▶ [EXERCISE DETAILS]:
When the line with "obtain \<mu> v" appears below, start repeating lines exactly, and keep going through the line with "using that v(2)"; add nothing outside that span.

[[ INFORMATION GIVEN open ]]

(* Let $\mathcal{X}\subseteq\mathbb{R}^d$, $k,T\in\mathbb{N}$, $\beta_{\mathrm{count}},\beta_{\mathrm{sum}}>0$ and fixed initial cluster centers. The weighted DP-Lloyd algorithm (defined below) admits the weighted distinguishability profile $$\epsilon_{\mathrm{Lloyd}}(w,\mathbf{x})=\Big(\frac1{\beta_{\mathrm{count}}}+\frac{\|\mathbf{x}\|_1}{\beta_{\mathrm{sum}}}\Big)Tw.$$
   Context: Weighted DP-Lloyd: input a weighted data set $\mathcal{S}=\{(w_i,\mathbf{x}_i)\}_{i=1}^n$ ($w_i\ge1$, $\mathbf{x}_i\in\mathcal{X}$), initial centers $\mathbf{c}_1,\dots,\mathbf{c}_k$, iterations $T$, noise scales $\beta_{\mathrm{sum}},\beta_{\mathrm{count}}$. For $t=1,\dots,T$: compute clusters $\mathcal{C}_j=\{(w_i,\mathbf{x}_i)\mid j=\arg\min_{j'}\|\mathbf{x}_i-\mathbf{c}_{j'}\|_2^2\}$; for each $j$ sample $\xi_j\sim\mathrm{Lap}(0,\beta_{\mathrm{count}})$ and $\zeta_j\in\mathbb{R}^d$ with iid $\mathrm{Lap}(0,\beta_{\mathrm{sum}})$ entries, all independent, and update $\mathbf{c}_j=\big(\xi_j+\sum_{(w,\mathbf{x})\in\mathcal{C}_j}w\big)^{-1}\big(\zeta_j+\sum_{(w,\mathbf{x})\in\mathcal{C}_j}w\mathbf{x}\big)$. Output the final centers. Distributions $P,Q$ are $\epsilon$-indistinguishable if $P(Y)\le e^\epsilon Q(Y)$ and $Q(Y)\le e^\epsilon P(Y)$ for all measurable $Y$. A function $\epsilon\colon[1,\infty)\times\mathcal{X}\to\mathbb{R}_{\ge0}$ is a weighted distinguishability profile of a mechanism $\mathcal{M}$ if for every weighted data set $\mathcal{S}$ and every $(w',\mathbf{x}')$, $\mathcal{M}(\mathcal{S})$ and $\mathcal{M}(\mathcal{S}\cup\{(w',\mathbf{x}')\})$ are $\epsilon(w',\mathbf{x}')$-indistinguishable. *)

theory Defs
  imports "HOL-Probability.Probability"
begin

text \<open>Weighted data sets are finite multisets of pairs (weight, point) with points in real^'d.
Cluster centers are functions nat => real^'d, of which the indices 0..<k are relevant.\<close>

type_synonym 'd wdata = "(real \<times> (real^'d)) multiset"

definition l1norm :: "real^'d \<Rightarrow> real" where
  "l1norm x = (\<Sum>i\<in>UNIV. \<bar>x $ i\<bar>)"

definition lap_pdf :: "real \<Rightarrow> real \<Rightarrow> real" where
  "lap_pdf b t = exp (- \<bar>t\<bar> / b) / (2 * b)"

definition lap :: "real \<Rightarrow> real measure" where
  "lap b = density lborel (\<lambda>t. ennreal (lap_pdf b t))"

[[ INFORMATION GIVEN closed ]]
[[ INFORMATION GIVEN open ]]

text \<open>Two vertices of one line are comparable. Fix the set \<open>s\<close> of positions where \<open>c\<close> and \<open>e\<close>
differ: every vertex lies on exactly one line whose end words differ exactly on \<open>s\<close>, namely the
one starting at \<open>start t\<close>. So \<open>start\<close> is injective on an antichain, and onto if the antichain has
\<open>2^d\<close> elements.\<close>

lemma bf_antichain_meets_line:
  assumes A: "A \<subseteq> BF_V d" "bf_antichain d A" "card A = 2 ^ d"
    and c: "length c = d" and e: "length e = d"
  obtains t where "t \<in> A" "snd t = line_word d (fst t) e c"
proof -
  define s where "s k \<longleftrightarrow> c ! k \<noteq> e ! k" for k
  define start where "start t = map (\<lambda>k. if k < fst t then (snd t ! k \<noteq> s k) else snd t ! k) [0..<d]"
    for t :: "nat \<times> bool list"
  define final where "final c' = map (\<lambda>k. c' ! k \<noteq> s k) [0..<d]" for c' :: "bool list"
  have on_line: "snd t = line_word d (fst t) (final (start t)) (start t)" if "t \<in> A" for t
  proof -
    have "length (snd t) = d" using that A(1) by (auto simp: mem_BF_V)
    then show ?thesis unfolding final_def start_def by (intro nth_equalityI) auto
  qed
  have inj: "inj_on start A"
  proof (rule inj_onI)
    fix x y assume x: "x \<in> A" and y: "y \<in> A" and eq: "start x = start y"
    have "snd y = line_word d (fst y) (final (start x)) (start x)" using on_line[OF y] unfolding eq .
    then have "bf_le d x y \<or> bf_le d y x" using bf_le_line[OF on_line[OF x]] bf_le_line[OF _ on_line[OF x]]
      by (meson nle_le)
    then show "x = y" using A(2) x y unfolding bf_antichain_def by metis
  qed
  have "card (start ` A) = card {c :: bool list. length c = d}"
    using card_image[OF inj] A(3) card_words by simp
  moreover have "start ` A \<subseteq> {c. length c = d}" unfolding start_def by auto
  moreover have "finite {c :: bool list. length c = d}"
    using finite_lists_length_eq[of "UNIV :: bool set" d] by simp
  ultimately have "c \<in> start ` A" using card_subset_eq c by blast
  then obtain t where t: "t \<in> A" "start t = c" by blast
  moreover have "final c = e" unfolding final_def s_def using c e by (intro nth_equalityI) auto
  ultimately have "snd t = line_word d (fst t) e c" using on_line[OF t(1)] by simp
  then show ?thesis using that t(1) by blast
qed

[[ INFORMATION GIVEN closed ]]
[[ INFORMATION GIVEN open ]]

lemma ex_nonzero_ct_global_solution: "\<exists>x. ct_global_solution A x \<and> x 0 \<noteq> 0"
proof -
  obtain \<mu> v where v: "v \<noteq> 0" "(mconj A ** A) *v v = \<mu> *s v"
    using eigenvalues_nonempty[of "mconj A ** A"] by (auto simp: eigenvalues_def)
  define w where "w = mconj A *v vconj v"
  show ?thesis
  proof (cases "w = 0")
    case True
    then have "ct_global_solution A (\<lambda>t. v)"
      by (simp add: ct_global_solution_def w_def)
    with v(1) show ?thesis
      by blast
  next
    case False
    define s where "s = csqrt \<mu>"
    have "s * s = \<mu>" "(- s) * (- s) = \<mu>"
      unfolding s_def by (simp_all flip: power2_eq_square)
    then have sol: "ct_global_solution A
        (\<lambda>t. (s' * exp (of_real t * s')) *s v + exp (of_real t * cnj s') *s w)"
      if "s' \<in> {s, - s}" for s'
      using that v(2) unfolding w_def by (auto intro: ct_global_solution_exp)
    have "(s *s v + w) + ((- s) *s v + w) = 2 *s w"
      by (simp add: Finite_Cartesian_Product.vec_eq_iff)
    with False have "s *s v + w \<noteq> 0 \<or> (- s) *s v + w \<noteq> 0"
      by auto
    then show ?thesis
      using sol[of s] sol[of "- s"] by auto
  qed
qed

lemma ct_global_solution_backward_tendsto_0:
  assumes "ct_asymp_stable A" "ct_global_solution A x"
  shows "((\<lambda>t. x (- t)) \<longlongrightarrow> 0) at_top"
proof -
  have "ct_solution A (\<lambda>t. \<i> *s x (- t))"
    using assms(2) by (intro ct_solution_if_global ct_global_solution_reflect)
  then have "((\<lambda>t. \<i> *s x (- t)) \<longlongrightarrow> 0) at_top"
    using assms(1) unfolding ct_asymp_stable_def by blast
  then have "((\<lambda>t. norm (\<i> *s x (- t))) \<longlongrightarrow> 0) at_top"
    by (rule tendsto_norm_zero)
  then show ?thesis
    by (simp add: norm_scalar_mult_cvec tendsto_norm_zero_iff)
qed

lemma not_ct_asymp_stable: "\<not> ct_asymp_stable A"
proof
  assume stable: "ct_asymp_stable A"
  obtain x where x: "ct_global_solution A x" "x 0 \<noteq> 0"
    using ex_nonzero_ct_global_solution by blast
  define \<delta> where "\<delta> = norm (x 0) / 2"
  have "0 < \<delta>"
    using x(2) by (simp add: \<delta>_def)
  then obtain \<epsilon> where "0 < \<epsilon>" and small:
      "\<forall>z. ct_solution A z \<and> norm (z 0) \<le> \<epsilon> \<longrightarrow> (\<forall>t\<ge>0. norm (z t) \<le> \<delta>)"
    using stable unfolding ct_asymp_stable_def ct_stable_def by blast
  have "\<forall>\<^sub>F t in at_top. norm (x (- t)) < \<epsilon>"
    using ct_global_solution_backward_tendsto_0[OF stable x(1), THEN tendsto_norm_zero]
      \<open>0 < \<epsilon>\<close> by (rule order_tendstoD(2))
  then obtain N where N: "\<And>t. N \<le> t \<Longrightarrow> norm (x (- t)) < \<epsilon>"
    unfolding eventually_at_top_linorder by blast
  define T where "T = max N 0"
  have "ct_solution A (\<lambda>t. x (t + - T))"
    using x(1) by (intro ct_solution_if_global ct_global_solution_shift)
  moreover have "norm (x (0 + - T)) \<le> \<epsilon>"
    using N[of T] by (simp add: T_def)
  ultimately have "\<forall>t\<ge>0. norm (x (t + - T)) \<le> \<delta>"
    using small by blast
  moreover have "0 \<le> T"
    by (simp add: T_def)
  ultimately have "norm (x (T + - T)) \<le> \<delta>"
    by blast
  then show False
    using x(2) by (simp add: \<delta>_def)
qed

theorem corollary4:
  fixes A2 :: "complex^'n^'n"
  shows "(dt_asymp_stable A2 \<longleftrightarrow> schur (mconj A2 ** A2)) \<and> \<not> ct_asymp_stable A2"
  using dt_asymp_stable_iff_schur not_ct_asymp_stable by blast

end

[[ INFORMATION GIVEN closed ]]

▶ [EXPECTED ANSWER]:
  obtain \<mu> v where v: "v \<noteq> 0" "(mconj A ** A) *v v = \<mu> *s v"
    using eigenvalues_nonempty[of "mconj A ** A"] by (auto simp: eigenvalues_def)
  define w where "w = mconj A *v vconj v"
  show ?thesis
  proof (cases "w = 0")
    case True
    then have "ct_global_solution A (\<lambda>t. v)"
      by (simp add: ct_global_solution_def w_def)
    with v(1) show ?thesis
      by blast
  next
    case False
    define s where "s = csqrt \<mu>"
    have "s * s = \<mu>" "(- s) * (- s) = \<mu>"
      unfolding s_def by (simp_all flip: power2_eq_square)
    then have sol: "ct_global_solution A
        (\<lambda>t. (s' * exp (of_real t * s')) *s v + exp (of_real t * cnj s') *s w)"
      if "s' \<in> {s, - s}" for s'
      using that v(2) unfolding w_def by (auto intro: ct_global_solution_exp)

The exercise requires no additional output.